Nous présentons des dessins modernes et contemporains depuis la première édition. La différence aujourd’hui c’est que les marchands de dessins anciens et traditionnels proposent eux aussi des artistes plus récents. Les dessins modernes et contemporains sont désormais présents sur un nombre important de stands.

Le Salon du Dessin met en avant une nouvelle génération de marchands. Le dessin est-il de plus en plus attractif ?

Ces 25 à 30 dernières années, le dessin a acquis un statut d’œuvre à part entière et un marché s’est mis en place autour de ce medium. On a vu arriver de nouveaux marchands, on a été témoins de la mise en place de ventes spécialisés…

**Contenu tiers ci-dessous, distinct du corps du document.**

(* Fix $0<p\le\infty$. Let $t(x_1,\dots,x_n)$ and $s(x_1,\dots,x_n)$ be terms built from variables $x_1,\dots,x_n$, constants $r\in[0,\infty]$, and the binary operations $\otimes,\otimes^*,\oplus_p,\oplus^*_p$. Suppose that $t(a_1,\dots,a_n)\le s(a_1,\dots,a_n)$ for all $a_1,\dots,a_n\in[0,\infty]$ (operations evaluated in $[0,\infty]$). Then in any counary calculus (with $p$-structures as below) that contains the rule EFQ ($0$ / $\Gamma\vdash\Delta$ for all cedents $\Gamma,\Delta$), the rule $$\frac{t(\Gamma_1\vdash\Delta_1,\dots,\Gamma_n\vdash\Delta_n)}{s(\Gamma_1\vdash\Delta_1,\dots,\Gamma_n\vdash\Delta_n)}$$ (obtained by substituting sequents for the variables and reading the operations as formal structure operations) is admissible.
   Context: Alethic values: $[0,\infty]$ with its usual order. Conjunctive multiplication $\otimes$ is the usual product on $(0,\infty)$, with $0\otimes a=a\otimes 0=0$ for all $a\in[0,\infty]$ and $a\otimes\infty=\infty\otimes a=\infty$ for $a\in(0,\infty]$. Inversion: $0^*=\infty$, $\infty^*=0$, $a^*=1/a$ otherwise. Disjunctive multiplication $a\otimes^* b:=(a^*\otimes b^* )^*$. Sum $\oplus$ is ordinary addition with $a\oplus\infty=\infty$; harmonic sum $a\oplus^*b:=(a^*\oplus b^* )^*$. For $0<p<\infty$ (conventions $0^p=0$, $\infty^p=\infty$): $a\oplus_p b:=(a^p\oplus b^p)^{1/p}$, $a\oplus^*_p b:=(a^p\oplus^* b^p)^{1/p}$; for $p=\infty$: $a\oplus_\infty b:=\max(a,b)$, $a\oplus^*_\infty b:=\min(a,b)$. Quantitative ($p$-hard) calculi: fix a set of formulas; a sequent is $\Gamma\vdash\Delta$ with $\Gamma,\Delta$ finite multisets of formulas. Structures: $H::=(\Gamma\vdash\Delta)\mid r\mid H\otimes H\mid H\otimes^*H\mid H\oplus_pH\mid H\oplus^*_pH$, $r\in[0,\infty]$ (formal operations). A structure with no sequent is closed and evaluates in $[0,\infty]$ to its validity. A rule is a schema $H/H'$ (premise structure, conclusion structure); a calculus is a set of rules; it is counary if every rule's conclusion is a single sequent. Derivations are defined inductively: identity $H/H$; rule instances; vertical composition of derivations $H\to I$ and $I\to K$; for $\ast\in\{\otimes,\otimes^*,\oplus_p,\oplus^*_p\}$, from derivations $H_1\to K_1$ and $H_2\to K_2$ a derivation $H_1\ast H_2\to K_1\ast K_2$. A closed derivation has closed top structure; its validity is the value of that top. The provability $\|K\|_R$ of a structure $K$ in calculus $R$ is the supremum of validities of closed derivations in $R$ with bottom structure $K$ ($0$ if none). A rule is admissible in $R$ if adding it to $R$ does not change the provability of any structure. *)

theory Defs
  imports Complex_Main "HOL-Library.Extended_Nonnegative_Real" "HOL-Library.Multiset"
begin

Avant, le dessin avait tendance à être accolé au tableau ancien ou moderne. Désormais, le marché est autonome. On a donc des marchands qui peuvent aujourd’hui se lancer exclusivement dans ce domaine. Parmi les représentants de cette nouvelle génération de galeristes, on peut citer Mathieu Neouze ou Nathalie Motte, qui sont présents sur le salon.

Diriez-vous que le dessin est moins “cloisonné” et que les collectionneurs s’intéressent plus facilement à des époques très différentes ?

Oui, les collectionneurs passent aisément d’un dessin du XVIème siècle à un dessin du XXème. Ils accrocheront facilement côte à côte un portrait de Degas et une œuvre de la Renaissance. Le marché a une certaine facilité à opérer des mélanges.

Salon du dessin

Jean Auguste Dominique Ingres (1780-1867), Saint François d’Assise Crayon noir sur papier beige © Galerie de Bayser

On dit souvent que le marché du dessin est moins spéculatif. Vous êtes d’accord ?

Oui. On vend des dessins à des collectionneurs qui les gardent. Ils n’ont pas vocation à les revendre plus tard en pensant qu’ils vaudront plus cher. Ils les achètent parce que c’est leur passion. Bien sûr, certains prix augmentent, mais ce n’est pas dû à l’arrivée de nouveaux collectionneurs qui achètent des dessins dans le but de les revendre.

Les collectionneurs de dessin sont donc particulièrement passionnés ?

Ce n’est pas le support le plus facile à aborder, mais les personnes qui arrivent à monter des collections dans ce domaine sont en effet passionnées. Beaucoup sont des collectionneurs uniquement de dessin et n’achètent pas de peinture. Une fois qu’ils ont commencé, c’est très rare qu’ils arrêtent. L’un des avantages, c’est qu’ils peuvent continuer à en acheter sans avoir besoin de plus de place, il n’y a pas besoin d’un hangar !

On a beaucoup parlé de découvertes de dessins cette année. Vous amenez un dessin très rare d’Ingres, il y a eu le dessin de Leonard de Vinci trouvé chez Tajan… C’est un facteur important pour les galeristes et les collectionneurs ?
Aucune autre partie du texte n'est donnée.